There is quite a bit you can do with SQLCMD outside of just TSQL. MSDN documents all of these additional constructs and commands so I’m not going to go through all of them. I just point out a couple of the most useful aspects of SQLCMD however.
:Setvar allows you to declare a variable for the context of the SQLCMD. Big deal, your thinking, what’s wrong with the TSQL Declare statement? The difference is that a variable in TSQL isn’t available to anything other than the TSQL batch where it was declared. :Setvar can be used across batches and command line commands across the entire SQLCMD script. See the simple example above where a table name is put into a variable and then referenced in a select statement.
Note that $(<variable>) is the mechanism for calling SQLCMD variables.
:Connect allows you to connect to an entirely different SQL Server instance and run additional TSQL batches. A single SQLCMD script can only have one connection open at a time, each :Connect statement closes the connection open prior, but nothing is stopping you from switching back and forth.
:!! This allows you to specify something other than TSQL or SQLCMD statements that is valid at a command line. SSMS will run anything that SQLCMD can – you just need to be aware that if you execute a command line option that requires further interaction (think hit any key prompt) SSMS does not support this.

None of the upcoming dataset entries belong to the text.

(* Let $X$ be a real Banach space, $f\in\Gamma_0(X)$, $f(\bar x)=0$, and let $x^*\in\mathrm{bd}\,\partial f(\bar x)$. Let $\xi>0$, let $\hat x^*\in X^*\setminus\partial f(\bar x)$ with $\|\hat x^*-x^*\|<\xi$, let $\hat x\in X\setminus\{\bar x\}$ satisfy $f(\hat x)<\langle \hat x^*,\hat x-\bar x\rangle$, and let $z^*\in X^*$ with $\|z^*\|=1$ and $\langle z^*,\hat x-\bar x\rangle=\|\hat x-\bar x\|$. Define $g(u):=f(u)+\langle -x^*+\xi z^*,u-\bar x\rangle$ for $u\in X$. Then $\mathrm{Er}\,g(\bar x)\le 2\xi$.
   Context: $\Gamma_0(X)$ denotes the class of extended-real-valued proper convex lower semicontinuous functions on $X$. For convex $f$, $\partial f(x):=\{x^*\in X^*\mid \langle x^*,u-x\rangle\le f(u)-f(x)\ \forall u\in X\}$; $\mathrm{bd}$ denotes the boundary in the norm topology of $X^*$. $S_g:=\{x\mid g(x)\le 0\}$, $d(x,S)=\inf_{u\in S}\|u-x\|$ ($d(x,\emptyset)=+\infty$), and $\mathrm{Er}\,g(\bar x):=\liminf_{x\to\bar x,\ g(x)>0}\frac{g(x)}{d(x,S_g)}$. *)

theory Defs
  imports "HOL-Analysis.Analysis"
begin

(* The dual space X^* is modelled by the bounded linear functionals 'a \<Rightarrow>\<^sub>L real,
  with the operator norm (so topological notions on it are w.r.t. the norm topology). *)

definition proper_fun :: "('a \<Rightarrow> ereal) \<Rightarrow> bool" where
  "proper_fun f \<longleftrightarrow> (\<forall>x. f x \<noteq> -\<infinity>) \<and> (\<exists>x. f x \<noteq> \<infinity>)"

definition convex_fun :: "('a::real_vector \<Rightarrow> ereal) \<Rightarrow> bool" where
  "convex_fun f \<longleftrightarrow> (\<forall>x y t. 0 \<le> t \<and> t \<le> 1 \<longrightarrow>
      f ((1 - t) *\<^sub>R x + t *\<^sub>R y) \<le> ereal (1 - t) * f x + ereal t * f y)"

definition lsc_fun :: "('a::topological_space \<Rightarrow> ereal) \<Rightarrow> bool" where
  "lsc_fun f \<longleftrightarrow> (\<forall>c. closed {x. f x \<le> c})"

definition Gamma0 :: "('a::real_normed_vector \<Rightarrow> ereal) set" where
  "Gamma0 = {f. proper_fun f \<and> convex_fun f \<and> lsc_fun f}"

definition subdiff :: "('a::real_normed_vector \<Rightarrow> ereal) \<Rightarrow> 'a \<Rightarrow> ('a \<Rightarrow>\<^sub>L real) set" where
  "subdiff f x = {xs. \<forall>u. ereal (blinfun_apply xs (u - x)) \<le> f u - f x}"

definition sublevel0 :: "('a \<Rightarrow> ereal) \<Rightarrow> 'a set" where
  "sublevel0 g = {x. g x \<le> 0}"

definition edist :: "'a::metric_space \<Rightarrow> 'a set \<Rightarrow> ereal" where
  "edist x S = (if S = {} then \<infinity> else ereal (infdist x S))"

(* Error bound modulus: liminf over x \<rightarrow> xbar, x \<noteq> xbar, with g x > 0
  (liminf over an empty/trivial filter is +\<infinity>). *)
definition Er :: "('a::real_normed_vector \<Rightarrow> ereal) \<Rightarrow> 'a \<Rightarrow> ereal" where
  "Er g xbar = Liminf (at xbar within {x. g x > 0}) (\<lambda>x. g x / edist x (sublevel0 g))"

end

theory Submission
  imports Defs
begin

(* Since x* is a subgradient at xbar with f(xbar) = 0, the tilted function g dominates the
  linear function \<xi> z*(u - xbar). Hence its zero sublevel set lies in the half-space
  z*(u - xbar) \<le> 0, so d(u, S_g) \<ge> z*(u - xbar) because \<parallel>z*\<parallel> = 1. Along the segment
  x_t = xbar + t(xhat - xbar) this gives d(x_t, S_g) \<ge> t \<parallel>xhat - xbar\<parallel> and g(x_t) > 0,
  while convexity gives g(x_t) \<le> t g(xhat) < 2 \<xi> t \<parallel>xhat - xbar\<parallel>. Letting t \<rightarrow> 0 bounds
  the liminf by 2\<xi>. *)

lemma closed_subdiff: "closed (subdiff f x)"
  unfolding subdiff_def
  by (intro closed_Collect_all closed_Collect_le) (auto intro!: continuous_intros)

lemma subdiff_tilt_minorant:
  assumes "xs \<in> subdiff f x" and "f x = 0"
  shows "ereal (y (u - x)) \<le> f u + ereal ((y - xs) (u - x))"
proof -
  have "ereal (xs (u - x)) \<le> f u"
    using assms by (simp add: subdiff_def)
  then have "ereal (xs (u - x)) + ereal ((y - xs) (u - x)) \<le> f u + ereal ((y - xs) (u - x))"
    by (rule add_right_mono)
  then show ?thesis
    by (simp add: blinfun.diff_left)
qed

lemma convex_fun_tilt_segment_le:
  fixes f :: "'a::real_normed_vector \<Rightarrow> ereal" and l :: "'a \<Rightarrow>\<^sub>L real"
  assumes "convex_fun f" and "f x = 0" and "f y = ereal a" and "0 \<le> t" and "t \<le> 1"
  shows "f (x + t *\<^sub>R (y - x)) + ereal (l (x + t *\<^sub>R (y - x) - x)) \<le> ereal (t * (a + l (y - x)))"
proof -
  have "x + t *\<^sub>R (y - x) = (1 - t) *\<^sub>R x + t *\<^sub>R y"
    by (simp add: algebra_simps)
  with assms have "f (x + t *\<^sub>R (y - x)) \<le> ereal (t * a)"
    unfolding convex_fun_def by (metis add_0 ereal_mult_zero times_ereal.simps(1))
  then have "f (x + t *\<^sub>R (y - x)) + ereal (t * l (y - x)) \<le> ereal (t * a) + ereal (t * l (y - x))"
    by (rule add_right_mono)
  then show ?thesis
    by (simp add: blinfun.scaleR_right distrib_left)
qed

lemma edist_ge_halfspace:
  fixes l :: "'a::real_normed_vector \<Rightarrow>\<^sub>L real"
  assumes "norm l \<le> 1" and "\<And>u. u \<in> S \<Longrightarrow> l u \<le> c"
  shows "ereal (l x - c) \<le> edist x S"
proof (cases "S = {}")
  case False
  have "l x - c \<le> infdist x S"
    unfolding infdist_notempty[OF False]
  proof (rule cINF_greatest[OF False])
    fix u assume "u \<in> S"
    then have "l x - c \<le> l (x - u)"
      using assms(2) by (simp add: blinfun.diff_right)
    also have "\<dots> \<le> norm l * norm (x - u)"
      using norm_blinfun[of l "x - u"] by simp
    also have "\<dots> \<le> dist x u"
      using assms(1) by (simp add: dist_norm mult_left_le_one_le)
    finally show "l x - c \<le> dist x u" .
  qed
  with False show ?thesis
    by (simp add: edist_def)
qed (simp add: edist_def)

lemma ereal_divide_le_divide:
  assumes "0 < w" and "w \<le> a" and "0 < b" and "ereal b \<le> d"
  shows "ereal w / d \<le> ereal (a / b)"
proof (cases d)
  case (real e)
  then have "w / e \<le> w / b"
    using assms by (simp add: divide_left_mono)
  also have "\<dots> \<le> a / b"
    using assms by (simp add: divide_right_mono)
  finally show ?thesis
    using real assms by simp
qed (use assms in auto)

lemma Liminf_le_if_frequently:
  fixes f :: "_ \<Rightarrow> 'b::complete_lattice"
  assumes "\<exists>\<^sub>F x in F. f x \<le> C"
  shows "Liminf F f \<le> C"
proof (rule Liminf_least)
  fix P assume "eventually P F"
  with assms obtain x where "f x \<le> C" "P x"
    using frequently_eventually_frequently frequently_ex by blast
  then show "(INF x\<in>Collect P. f x) \<le> C"
    by (blast intro: INF_lower2)
qed

lemma frequently_at_within_segment:
  fixes x v :: "'a::real_normed_vector"
  assumes "v \<noteq> 0" and "\<And>t. 0 < t \<Longrightarrow> t \<le> 1 \<Longrightarrow> x + t *\<^sub>R v \<in> A \<and> P (x + t *\<^sub>R v)"
  shows "\<exists>\<^sub>F y in at x within A. P y"
proof -
  have small: "\<forall>\<^sub>F t in at_right (0::real). 0 < t \<and> t \<le> 1"
    by (auto simp: eventually_at_right_field intro!: exI[of _ 1])
  have "filterlim (\<lambda>t. x + t *\<^sub>R v) (at x within A) (at_right 0)"
  proof (rule filterlim_at_withinI)
    show "((\<lambda>t. x + t *\<^sub>R v) \<longlongrightarrow> x) (at_right 0)"
      by (auto intro!: tendsto_eq_intros)
    show "\<forall>\<^sub>F t in at_right 0. x + t *\<^sub>R v \<in> A - {x}"
      using small by eventually_elim (use assms in auto)
  qed
  moreover have "\<exists>\<^sub>F t in at_right (0::real). P (x + t *\<^sub>R v)"
    using small by (intro eventually_frequently) (auto elim!: eventually_mono simp: assms)
  ultimately show ?thesis
    unfolding frequently_def filterlim_iff by blast
qed

lemma Er_le_segment_slope:
  fixes g :: "'a::real_normed_vector \<Rightarrow> ereal" and l :: "'a \<Rightarrow>\<^sub>L real"
  assumes minorant: "\<And>u. ereal (\<xi> * l (u - x)) \<le> g u" and "0 < \<xi>"
    and "norm l \<le> 1" and "v \<noteq> 0" and "l v = norm v"
    and segment: "\<And>t. 0 < t \<Longrightarrow> t \<le> 1 \<Longrightarrow> g (x + t *\<^sub>R v) \<le> ereal (t * c)"
  shows "Er g x \<le> ereal (c / norm v)"
proof -
  have halfspace: "l u \<le> l x" if "u \<in> sublevel0 g" for u
  proof -
    have "ereal (\<xi> * l (u - x)) \<le> 0"
      using minorant[of u] that unfolding sublevel0_def by (blast intro: order_trans)
    then have "\<xi> * l (u - x) \<le> 0"
      by simp
    with \<open>0 < \<xi>\<close> show ?thesis
      by (simp add: blinfun.diff_right mult_le_0_iff)
  qed
  have ratio: "0 < g (x + t *\<^sub>R v) \<and>
      g (x + t *\<^sub>R v) / edist (x + t *\<^sub>R v) (sublevel0 g) \<le> ereal (c / norm v)"
    if t: "0 < t" "t \<le> 1" for t
  proof -
    let ?y = "x + t *\<^sub>R v"
    have "ereal (\<xi> * (t * norm v)) \<le> g ?y"
      using minorant[of ?y] assms by (simp add: blinfun.scaleR_right)
    then have gpos: "0 < g ?y"
      by (rule less_le_trans[rotated]) (use t assms in simp)
    then obtain w where w: "g ?y = ereal w" "0 < w" "w \<le> t * c"
      using segment[OF t] by (cases "g ?y") auto
    have "ereal (t * norm v) \<le> edist ?y (sublevel0 g)"
      using edist_ge_halfspace[of l "sublevel0 g" "l x" ?y] halfspace assms
      by (simp add: blinfun.add_right blinfun.scaleR_right)
    then have "g ?y / edist ?y (sublevel0 g) \<le> ereal (t * c / (t * norm v))"
      unfolding w(1) using w t assms by (intro ereal_divide_le_divide) auto
    with gpos t show ?thesis
      by simp
  qed
  then have "\<exists>\<^sub>F y in at x within {y. 0 < g y}. g y / edist y (sublevel0 g) \<le> ereal (c / norm v)"
    using \<open>v \<noteq> 0\<close> by (intro frequently_at_within_segment) auto
  then show ?thesis
    unfolding Er_def by (rule Liminf_le_if_frequently)
qed

theorem mainTheorem4:
  fixes f :: "'a::banach \<Rightarrow> ereal"
    and xbar xhat :: 'a
    and xs xhs zs :: "'a \<Rightarrow>\<^sub>L real"
    and \<xi> :: real
  assumes "f \<in> Gamma0"
    and "f xbar = 0"
    and "xs \<in> frontier (subdiff f xbar)"
    and "\<xi> > 0"
    and "xhs \<notin> subdiff f xbar"
    and "norm (xhs - xs) < \<xi>"
    and "xhat \<noteq> xbar"
    and "f xhat < ereal (blinfun_apply xhs (xhat - xbar))"
    and "norm zs = 1"
    and "blinfun_apply zs (xhat - xbar) = norm (xhat - xbar)"
  shows "Er (\<lambda>u. f u + ereal (blinfun_apply (- xs + \<xi> *\<^sub>R zs) (u - xbar))) xbar \<le> ereal (2 * \<xi>)"
proof -
  define l where "l = - xs + \<xi> *\<^sub>R zs"
  define r where "r = norm (xhat - xbar)"
  have "xs \<in> subdiff f xbar"
    using assms(3) frontier_subset_closed[OF closed_subdiff] by blast
  then have minorant: "ereal (\<xi> * zs (u - xbar)) \<le> f u + ereal (l (u - xbar))" for u
    using subdiff_tilt_minorant[of xs f xbar "\<xi> *\<^sub>R zs" u] assms(2)
    by (simp add: l_def blinfun.add_left blinfun.diff_left blinfun.minus_left blinfun.scaleR_left)
  obtain a where a: "f xhat = ereal a" "a < xhs (xhat - xbar)"
    using assms(1,8) by (cases "f xhat") (auto simp: Gamma0_def proper_fun_def)
  have segment: "f (xbar + t *\<^sub>R (xhat - xbar)) + ereal (l (xbar + t *\<^sub>R (xhat - xbar) - xbar))
      \<le> ereal (t * (a + l (xhat - xbar)))" if "0 < t" "t \<le> 1" for t
    using convex_fun_tilt_segment_le[of f xbar xhat a t l] assms(1,2) a that by (simp add: Gamma0_def)
  have "a + l (xhat - xbar) = (a - xs (xhat - xbar)) + \<xi> * r"
    using assms(10) by (simp add: l_def r_def blinfun.add_left blinfun.diff_left blinfun.scaleR_left)
  also have "\<dots> < (xhs - xs) (xhat - xbar) + \<xi> * r"
    using a by (simp add: blinfun.diff_left)
  also have "(xhs - xs) (xhat - xbar) \<le> norm (xhs - xs) * r"
    using norm_blinfun[of "xhs - xs" "xhat - xbar"] by (simp add: r_def)
  also have "norm (xhs - xs) * r \<le> \<xi> * r"
    using assms(6) by (simp add: r_def mult_right_mono)
  finally have "(a + l (xhat - xbar)) / r \<le> 2 * \<xi>"
    using assms(7) by (simp add: r_def divide_le_eq)
  moreover have "Er (\<lambda>u. f u + ereal (l (u - xbar))) xbar \<le> ereal ((a + l (xhat - xbar)) / r)"
    unfolding r_def using assms(4,7,9,10)
    by (intro Er_le_segment_slope[OF minorant _ _ _ _ segment]) auto
  ultimately show ?thesis
    by (simp add: l_def order_trans)
qed

end
theorem mainTheorem15:
  fixes F :: "nat filter"
  assumes "free_filter F"
    and "infinite (UNIV :: 'k set)"
    and "\<exists>g :: 'k \<Rightarrow> real. inj g"
  shows "separable_space (Cp (XFk F :: ('k \<times> nat) option topology))"
proof -
  obtain g :: "'k \<Rightarrow> real" where g: "inj g"
    using assms(3) by blast
  let ?D = "range (\<lambda>(c, L). bump_fun g c L)"
  show ?thesis
  proof (rule separable_space_CpI)
    show "countable ?D"
      by simp
    show "?D \<subseteq> topspace (Cp (XFk F))"
      using continuous_map_bump_fun[OF assms(1)] by (auto simp: topspace_Cp)
    fix f and S :: "('k \<times> nat) option set" and e :: real
    assume "finite S" "e > 0"
    then obtain c L where "\<forall>x\<in>S. \<bar>bump_fun g c L x - f x\<bar> < e"
      using bump_fun_approx[OF g] by blast
    then show "\<exists>d\<in>?D. \<forall>x\<in>S. \<bar>d x - f x\<bar> < e"
      by blast
  qed
qed

end
definition gs_c :: "real^'n^('m::{finite,linorder}) \<Rightarrow> 'm::{finite,linorder} \<Rightarrow> 'm \<Rightarrow> real" where
  "gs_c M i k = (if k = i then norm (gs_v M i)
                 else if k < i \<and> norm (gs_v M k) > 0 then gs_hat M k \<bullet> M $ i else 0)"

text \<open>Block a (0-based, a < length ms) consists of rows with positions in
  [m_1+...+m_a, m_1+...+m_{a+1}).\<close>
definition task_block :: "nat list \<Rightarrow> nat \<Rightarrow> 'm::{finite,linorder} set" where
  "task_block ms a = {i. sum_list (take a ms) \<le> row_pos i \<and> row_pos i < sum_list (take (Suc a) ms)}"

text \<open>C_aa hat J_a, embedded as an m x n matrix whose rows outside block a are zero.\<close>
definition block_mat :: "nat list \<Rightarrow> real^'n^('m::{finite,linorder}) \<Rightarrow> nat \<Rightarrow> real^'n^('m::{finite,linorder})" where
  "block_mat ms M a = (\<chi> i. if i \<in> task_block ms a
       then (\<Sum>k\<in>task_block ms a. gs_c M i k *\<^sub>R gs_hat M k) else 0)"

definition G_set :: "regclass \<Rightarrow> nat list \<Rightarrow> (('n::finite) state \<Rightarrow> ('n state)^('m::{finite,linorder}))
    \<Rightarrow> ('n state \<Rightarrow> real^'n^'n) \<Rightarrow> 'n state set" where
  "G_set b ms F R = {x. \<forall>a < length ms. reg_at b (\<lambda>y. block_mat ms (Jmat F R y) a) x}"

end

theory Submission
  imports Defs
begin
lemma is_observable_identity:
  assumes "n > 0"
  shows "is_observable n {r} (\<lambda>_. 1\<^sub>m n)"
proof -
  have "(1\<^sub>m n :: complex mat) \<noteq> 0\<^sub>m n n"
    using assms by (intro mat_nonzero_if_diag_entry[of _ n 0]) auto
  then show ?thesis unfolding is_observable_def is_orth_projector_def by simp
qed

section \<open>The projectors of a letter\<close>

definition in_block :: "'a list \<Rightarrow> 'a \<Rightarrow> nat \<Rightarrow> nat \<Rightarrow> bool" where
  "in_block as \<alpha> b r \<longleftrightarrow> b < length as \<and> as ! b = \<alpha> \<and> (r = b \<or> r = Suc b)"

lemma in_block_unique:
  assumes "distinct_adj as" "in_block as \<alpha> b r" "in_block as \<alpha> b' r"
  shows "b = b'"
  using assms distinct_adj_nth[OF assms(1), of b] distinct_adj_nth[OF assms(1), of b']
  unfolding in_block_def by auto

lemma in_block_less: "in_block as \<alpha> b r \<Longrightarrow> r < Suc (length as)"
  unfolding in_block_def by auto

lemma in_block_endpoints:
  assumes "in_block as \<alpha> b r"
  shows "in_block as \<alpha> b b" and "in_block as \<alpha> b (Suc b)"
  using assms unfolding in_block_def by auto

lemma in_pair_iff_in_block:
  assumes "distinct_adj as" "in_block as \<alpha> b r"
  shows "in_pair as \<alpha> r s \<longleftrightarrow> s = b \<or> s = Suc b"
proof
  assume "in_pair as \<alpha> r s"
  then obtain i where "in_block as \<alpha> i r" "s = i \<or> s = Suc i"
    unfolding in_pair_def in_block_def by auto
  with in_block_unique[OF assms(1) _ assms(2)] show "s = b \<or> s = Suc b" by blast
qed (use assms(2) in \<open>auto simp: in_pair_def in_block_def\<close>)
(* (Extended Perron's method.) Let $\Omega\subset\mathbb{R}^N$ be an open domain, let $g:\mathbb{R}^N\setminus\Omega\to\mathbb{R}$ be bounded, and let $\mathcal{A}:\mathbb{R}^N\times\mathcal{X}\times\mathbb{R}\to\mathbb{R}$ satisfy assumptions (a), (b), (c) below. Consider the DPP $\mathcal{A}(x,u,u(x))=0$ for $x\in\Omega$, $u=g$ on $\mathbb{R}^N\setminus\Omega$. Assume (H1) there exists at least one viscosity subsolution and (H2) all viscosity subsolutions are uniformly bounded from above. Let $\underline{S}$ be the set of all viscosity subsolutions. Then the function $$\overline{u}(x)=\sup_{v\in\underline{S}}v(x)\ \ (x\in\Omega),\qquad \overline{u}(x)=g(x)\ \ (x\in\mathbb{R}^N\setminus\Omega)$$ is a viscosity solution of the DPP. Respectively, if (H1* ) there exists at least one viscosity supersolution and (H2* ) all viscosity supersolutions are uniformly bounded from below, and $\overline{S}$ is the set of all viscosity supersolutions, then $\underline{u}(x)=\inf_{v\in\overline{S}}v(x)$ for $x\in\Omega$, $\underline{u}=g$ on $\mathbb{R}^N\setminus\Omega$, is a viscosity solution of the DPP.
   Context: $\overline{\mathcal{X}}$ is the set of bounded functions $\mathbb{R}^N\to\mathbb{R}$, $\mathcal{X}\subset\overline{\mathcal{X}}$ a fixed subset. Assumptions: (a) $\varphi_1\le\varphi_2$ implies $\mathcal{A}(x,\varphi_2,s)\le\mathcal{A}(x,\varphi_1,s)$; (b) $s_1\le s_2$ implies $\mathcal{A}(x,\varphi,s_1)\le\mathcal{A}(x,\varphi,s_2)$; (c) for every $(x,\varphi)$ the map $s\mapsto\mathcal{A}(x,\varphi,s)$ has exactly one zero. $u\in\overline{\mathcal{X}}$ is a viscosity supersolution of the DPP if $u\ge g$ on $\mathbb{R}^N\setminus\Omega$ and, for each $x\in\Omega$, $\mathcal{A}(x,\varphi,u(x))\ge0$ for all $\varphi\in\mathcal{X}$ with $\varphi\le u$; a viscosity subsolution if $u\le g$ on $\mathbb{R}^N\setminus\Omega$ and, for each $x\in\Omega$, $\mathcal{A}(x,\varphi,u(x))\le0$ for all $\varphi\in\mathcal{X}$ with $\varphi\ge u$; a viscosity solution is a $u\in\overline{\mathcal{X}}$ that is both. *)

theory Defs
  imports "HOL-Analysis.Analysis"
begin

definition Xbar :: "('a \<Rightarrow> real) set" where
  "Xbar = {u. bounded (range u)}"

definition visc_super ::
  "('a \<Rightarrow> real) set \<Rightarrow> ('a \<Rightarrow> ('a \<Rightarrow> real) \<Rightarrow> real \<Rightarrow> real) \<Rightarrow> 'a set \<Rightarrow> ('a \<Rightarrow> real)
   \<Rightarrow> ('a \<Rightarrow> real) \<Rightarrow> bool" where
  "visc_super X A \<Omega> g u \<longleftrightarrow> u \<in> Xbar \<and> (\<forall>x\<in>-\<Omega>. g x \<le> u x) \<and>
     (\<forall>x\<in>\<Omega>. \<forall>\<phi>\<in>X. \<phi> \<le> u \<longrightarrow> 0 \<le> A x \<phi> (u x))"

definition visc_sub ::
  "('a \<Rightarrow> real) set \<Rightarrow> ('a \<Rightarrow> ('a \<Rightarrow> real) \<Rightarrow> real \<Rightarrow> real) \<Rightarrow> 'a set \<Rightarrow> ('a \<Rightarrow> real)
   \<Rightarrow> ('a \<Rightarrow> real) \<Rightarrow> bool" where
  "visc_sub X A \<Omega> g u \<longleftrightarrow> u \<in> Xbar \<and> (\<forall>x\<in>-\<Omega>. u x \<le> g x) \<and>
     (\<forall>x\<in>\<Omega>. \<forall>\<phi>\<in>X. u \<le> \<phi> \<longrightarrow> A x \<phi> (u x) \<le> 0)"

:Out is cool because you can redirect the results of TSQL statements following the Out command to a text file on the file system. We talked about ways to do this yesterday as well but the nice thing about doing it in SQLCMD is statements that follow can do additional actions with that text file such as copying it, appending it, or otherwise leveraging it. Dynamic commands based on query results and called as batch files comes to mind.
To spark your imagination here is that same script I showed above using SQLCMD to send TSQL results to an output file and then execute a command line PowerShell statement against that same file. Note usage of the !! and :OUT commands.
If any of this intrigues you I highly recommend learning the syntax and following through the samples on the MSDN link provided. There are a lot more commands than those I’ve mentioned here.
PowerShell is undoubtably taking the place of significant SQLCMD usage in the wild but if you find yourself in a situation where you need to work with it, SSMS provides a way.